One figure is the whole answer: the number of lines below that contain the word "auto".

------------------------------------------------

lemma step_ivt:
  assumes "step (i, u) (j, x)" "step (i, v) (j, x')" "min x x' \<le> y" "y \<le> max x x'"
  shows "\<exists>z. min u v \<le> z \<and> z \<le> max u v \<and> step (i, z) (j, y)"
proof -
  have ivt: "\<exists>z. u \<le> z \<and> z \<le> v \<and> step (i, z) (j, y)"
    if u: "step (i, u) (j, x)" and v: "step (i, v) (j, x')" and uvy: "u \<le> v" "x' \<le> y" "y \<le> x"
    for u v x x'
  proof -
    have "continuous_on {u..v} (branch i j)"
      using step_source_range[OF u] step_source_range[OF v]
      by (intro continuous_on_subset[OF continuous_on_branch]) auto
    then obtain z where z: "u \<le> z" "z \<le> v" "branch i j z = y"
      using IVT2'[of "branch i j" v y u] u v uvy by (auto simp: step.simps)
    have "allowed i j u" "allowed i j v"
      using u v by (simp_all add: step.simps)
    then have "allowed i j z"
      using z(1,2) unfolding allowed_def by auto
    moreover have "0 \<le> z" "z \<le> 1"
      using z step_source_range[OF u] step_source_range[OF v] by simp_all
    ultimately show ?thesis
      using z by (auto simp: step.simps)
  qed
  show ?thesis
  proof (cases "u \<le> v")
    case True
    then have "x' \<le> x"
      using step_antitone[OF assms(1,2)] assms(1,2) by (cases "u = v") (auto simp: step.simps)
    then show ?thesis
      using ivt[OF assms(1,2) True] assms True by auto
  next
    case False
    then have "x \<le> x'"
      using step_antitone[OF assms(2,1)] by simp
    then show ?thesis
      using ivt[OF assms(2,1)] assms False by auto
  qed
qed

lemma same_half_same_successor_side:
  assumes "step a b" "step a' b'" "fst a = fst a'" "\<not> at_decision a"
    and "sgn (snd a - d (fst a)) = sgn (snd a' - d (fst a))"
  shows "fst b = fst b'"
proof -
  have "snd a < d (fst a) \<longleftrightarrow> snd a' < d (fst a)" "\<not> at_decision a'"
    using assms(3-5) sgn_eq_imp_neg_iff[OF assms(5)] by (auto simp: sgn_if split: if_splits)
  then show ?thesis
    using step_successor_side[OF assms(1,4)] step_successor_side[OF assms(2)] assms(3) by simp
qed

end

section \<open>Trajectories as chains of steps\<close>

definition pt :: "side_point \<Rightarrow> real^3" where
  "pt s = spt (snd s) (fst s)"

lemma spt_nth: "spt x i $ l = (if l = i + 1 then 1 - x else if l = i + 2 then x else 0)"
  unfolding spt_def by (auto simp: axis_def)

lemma pt_inj:
  assumes s: "nonvertex s" and s': "0 \<le> snd s'" "snd s' \<le> 1" and eq: "pt s = pt s'"
  shows "s = s'"
proof -
  obtain i x i' x' where ss': "s = (i, x)" "s' = (i', x')"
    by (metis prod.exhaust)
  have e: "spt x i $ l = spt x' i' $ l" for l
    using eq ss' by (simp add: pt_def)
  consider "i' = i" | "i' = i + 1" | "i' = i + 2"
    using cyclic_3_cases[of i' i] by blast
  then show ?thesis
  proof cases
    case 1
    then show ?thesis using e[of "i + 2"] ss' by (simp add: spt_nth)
  next
    case 2
    then show ?thesis using e[of i] e[of "i + 1"] s s' ss' by (simp add: spt_nth)
  next
    case 3
    then show ?thesis using e[of i] e[of "i + 2"] s s' ss' by (simp add: spt_nth)
  qed
qed
lemma linear_basis_expansion:
  fixes c :: "real^'n::finite"
  assumes "linear h" shows "h c = (\<Sum>j\<in>UNIV. c$j *\<^sub>R h (axis j 1))"
proof -
  have "h c = h (\<Sum>j\<in>UNIV. c$j *\<^sub>R axis j 1)"
    using basis_expansion[of c] by (simp add: scalar_mult_eq_scaleR)
  also have "\<dots> = (\<Sum>j\<in>UNIV. c$j *\<^sub>R h (axis j 1))"
    using assms by (simp add: linear_sum linear_scale)
  finally show ?thesis .
qed

section \<open>The bracket of the double\<close>

lemma lie_algebra_bilinear: "lie_algebra br \<Longrightarrow> bilinear br"
  and lie_algebra_skew: "lie_algebra br \<Longrightarrow> br x y = - br y x"
  unfolding lie_algebra_def by blast+

lemma coad_inner:
  assumes "bilinear br"
  shows "c \<bullet> coad br x b = - (b \<bullet> br x c)"
proof -
  have lin: "linear (br x)" using assms by (simp add: bilinear_def)
  have "c \<bullet> coad br x b = (\<Sum>j\<in>UNIV. c$j * (- (b \<bullet> br x (axis j 1))))"
    by (simp add: coad_def inner_vec_def)
  also have "\<dots> = - (b \<bullet> (\<Sum>j\<in>UNIV. c$j *\<^sub>R br x (axis j 1)))"
    by (simp add: inner_sum_right sum_negf)
  also have "\<dots> = - (b \<bullet> br x c)" using linear_basis_expansion[OF lin, of c] by simp
  finally show ?thesis .
qed

lemma dual_br_inner:
  assumes "bilinear br"
  shows "c \<bullet> dual_br br r a b = - (b \<bullet> br (tmap r a) c) + a \<bullet> br (tmap r b) c"
  by (simp add: dual_br_def inner_diff_right coad_inner[OF assms])

lemma coad_dual_inner:
  assumes "bilinear br"
  shows "c \<bullet> coad_dual br r a y = c \<bullet> br (tmap r a) y - a \<bullet> br (tmap r c) y"
proof -
  have lin_left: "linear (\<lambda>z. br z y)" using assms by (simp add: bilinear_def)
  have lin: "linear (\<lambda>z. br (tmap r z) y)"
    using linear_compose[OF linear_tmap lin_left] by (simp add: o_def)
  have "c \<bullet> coad_dual br r a y = (\<Sum>j\<in>UNIV. c$j * (- (y \<bullet> dual_br br r a (axis j 1))))"
    by (simp add: coad_dual_def inner_vec_def)
  also have "\<dots> = (\<Sum>j\<in>UNIV. c$j * (axis j 1 \<bullet> br (tmap r a) y - a \<bullet> br (tmap r (axis j 1)) y))"
    by (simp add: dual_br_inner[OF assms])
  also have "\<dots> = (\<Sum>j\<in>UNIV. c$j * (br (tmap r a) y $ j))
                   - a \<bullet> (\<Sum>j\<in>UNIV. c$j *\<^sub>R br (tmap r (axis j 1)) y)"
    by (simp add: inner_axis' inner_sum_right sum_subtractf algebra_simps)
  also have "\<dots> = c \<bullet> br (tmap r a) y - a \<bullet> br (tmap r c) y"
    using linear_basis_expansion[OF lin, of c] by (simp add: inner_vec_def)
  finally show ?thesis .
qed

definition double_pairing :: "(real^'n::finite \<Rightarrow> real^'n \<Rightarrow> real^'n) \<Rightarrow> (real^'n \<Rightarrow> real^'n) \<Rightarrow>
    real^'n \<Rightarrow> real^'n \<Rightarrow> real^'n \<Rightarrow> real^'n \<Rightarrow> real^'n \<Rightarrow> real^'n \<Rightarrow> real" where
  "double_pairing br R z1 z2 x a y b =
     z1 \<bullet> br x y + z1 \<bullet> br (R a) y - a \<bullet> br (R z1) y - z1 \<bullet> br (R b) x + b \<bullet> br (R z1) x
   - b \<bullet> br (R a) z2 + a \<bullet> br (R b) z2 - b \<bullet> br x z2 + a \<bullet> br y z2"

------------------------------------------------

Answer section.
9